И, темъ не менее, интересъ къ произведенiямъ г. Чехова нельзя даже сравнить съ темъ отношенiемъ, какое выказывается къ другимъ авторамъ. Причина этого лежитъ не только въ томъ, что предъ нами первоклассный новеллистъ, не имеющiй себе равнаго, пожалуй даже и на Западе, где за смертью Гюи-де-Мопассана это место осталось вакантнымъ. Есть что-то въ последнихъ произведенiяхъ г. Чехова, что углубляетъ ихъ содержанiе, быть можетъ, помимо воли самого автора, придаетъ имъ какую-то терпкость и остроту, волнуетъ и причиняетъ острую боль читателю.
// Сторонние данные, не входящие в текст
(* There is a function $C(t,\epsilon)$ such that the following holds for every positive integer $t$ and every $\epsilon\in(0,1)$: let $G$ be a connected balanced bipartite graph with parts $X,Y$ each of order $n$, with $\delta(G)\geq 3C(t,\epsilon)$ and with no induced $S_{t,t}$. Then \[\Delta_X,\ \Delta_Y\geq \left(1-\frac{C(t,\epsilon)}{\delta(G)}\right)(1-10\epsilon)\,n.\]
   Context: For positive integers $a,b$, the biclaw $S_{a,b}$ is the graph with vertex set $\{x,x_1,\dots,x_a,y,y_1,\dots,y_b\}$ and edges $xy$, $xy_1,\dots,xy_b$, $yx_1,\dots,yx_a$; "no induced $S_{t,t}$" means no induced subgraph isomorphic to $S_{t,t}$. For a bipartite graph with parts $X,Y$, $\Delta_X=\max_{x\in X} d(x)$ and $\Delta_Y=\max_{y\in Y} d(y)$. $\delta(G)$ is the minimum degree. *)

theory Defs
  imports Complex_Main
begin

definition simple_graph :: "'a set \<Rightarrow> ('a \<Rightarrow> 'a \<Rightarrow> bool) \<Rightarrow> bool" where
  "simple_graph V E \<longleftrightarrow> finite V \<and> (\<forall>u v. E u v \<longrightarrow> u \<in> V \<and> v \<in> V)
     \<and> (\<forall>u v. E u v \<longrightarrow> E v u) \<and> (\<forall>v. \<not> E v v)"

definition connected_graph :: "'a set \<Rightarrow> ('a \<Rightarrow> 'a \<Rightarrow> bool) \<Rightarrow> bool" where
  "connected_graph V E \<longleftrightarrow> V \<noteq> {} \<and> (\<forall>u\<in>V. \<forall>v\<in>V. E\<^sup>*\<^sup>* u v)"

definition bipartition :: "'a set \<Rightarrow> ('a \<Rightarrow> 'a \<Rightarrow> bool) \<Rightarrow> 'a set \<Rightarrow> 'a set \<Rightarrow> bool" where
  "bipartition V E X Y \<longleftrightarrow> X \<union> Y = V \<and> X \<inter> Y = {}
     \<and> (\<forall>u v. E u v \<longrightarrow> (u \<in> X \<and> v \<in> Y) \<or> (u \<in> Y \<and> v \<in> X))"

definition degree :: "'a set \<Rightarrow> ('a \<Rightarrow> 'a \<Rightarrow> bool) \<Rightarrow> 'a \<Rightarrow> nat" where
  "degree V E v = card {u \<in> V. E v u}"

definition min_degree :: "'a set \<Rightarrow> ('a \<Rightarrow> 'a \<Rightarrow> bool) \<Rightarrow> nat" where
  "min_degree V E = Min (degree V E ` V)"

definition max_degree_on :: "'a set \<Rightarrow> ('a \<Rightarrow> 'a \<Rightarrow> bool) \<Rightarrow> 'a set \<Rightarrow> nat" where
  "max_degree_on V E A = Max (degree V E ` A)"

datatype bc_vertex = BX | BY | BXi nat | BYi nat

definition biclaw_vertices :: "nat \<Rightarrow> nat \<Rightarrow> bc_vertex set" where
  "biclaw_vertices a b = {BX, BY} \<union> BXi ` {1..a} \<union> BYi ` {1..b}"

fun biclaw_edge :: "bc_vertex \<Rightarrow> bc_vertex \<Rightarrow> bool" where
  "biclaw_edge BX BY = True"
| "biclaw_edge BY BX = True"
| "biclaw_edge BX (BYi _) = True"
| "biclaw_edge (BYi _) BX = True"
| "biclaw_edge BY (BXi _) = True"
| "biclaw_edge (BXi _) BY = True"
| "biclaw_edge _ _ = False"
Читатели, конечно, помнятъ его «Мужиковъ» и «Моя жизнь», изъ-за которыхъ столько копiй ломалось въ свое время, что одно уже указываетъ на ихъ выдающееся общественное значенiе. Но его последнiе три разсказа, появившiеся въ летнихъ книжкахъ «Русской Мысли», не менее глубоки, жгучи и значительны.

«Человекъ въ футляре» лучшiй изъ нихъ и самый значительный по содержательности темы и типичности выхваченнаго изъ жизни явленiя. Кому не знакомъ этотъ жалкiй, ничтожный, плюгавенькiй и въ то же время страшный «человекъ въ футляре», для котораго жизнь свелась къ отрицанiю жизни? Онъ, какъ кошмаръ, давитъ все живое, сдерживаетъ проявленiе всякаго общественнаго, альтруистическаго движенiя своимъ мертвящимъ припевомъ – «какъ бы чего не вышло». Эта ходячая пародiя на человека изображена авторомъ съ поразительнымъ совершенствомъ, что при необычайной естественности и простоте, съ какою написанъ весь разсказъ, делаетъ эту фигуру почти трагическою. Разсказъ ведется отъ перваго лица. Учитель гимназiи Буркинъ разсказываетъ про своего товарища, недавно умершаго учителя греческаго языка Беликова.

«Онъ былъ замечателенъ темъ,– говоритъ Буркинъ,– что всегда, даже въ очень хорошую погоду, выходилъ въ калошахъ и съ зонтикомъ, и непременно въ тепломъ пальто на вате. И зонтикъ у него былъ въ чехле, и часы въ чехле изъ серой замши, и когда онъ вынималъ перочинный ножикъ, чтобы очинить карандашъ, то и ножъ былъ въ чехольчике; и лицо, казалось, тоже было въ чехле, такъ какъ онъ все время пряталъ его въ поднятый воротникъ. Онъ носилъ темныя очки, фуфайку, уши закладывалъ ватой и, когда садился на извозчика, то приказывалъ поднимать верхъ. Однимъ словомъ, у этого человека наблюдалось постоянное и непреодолимое стремленiе окружить себя оболочкой, создать себе, такъ сказать, футляръ, который уединилъ бы его, защитилъ отъ внешнихъ влiянiй…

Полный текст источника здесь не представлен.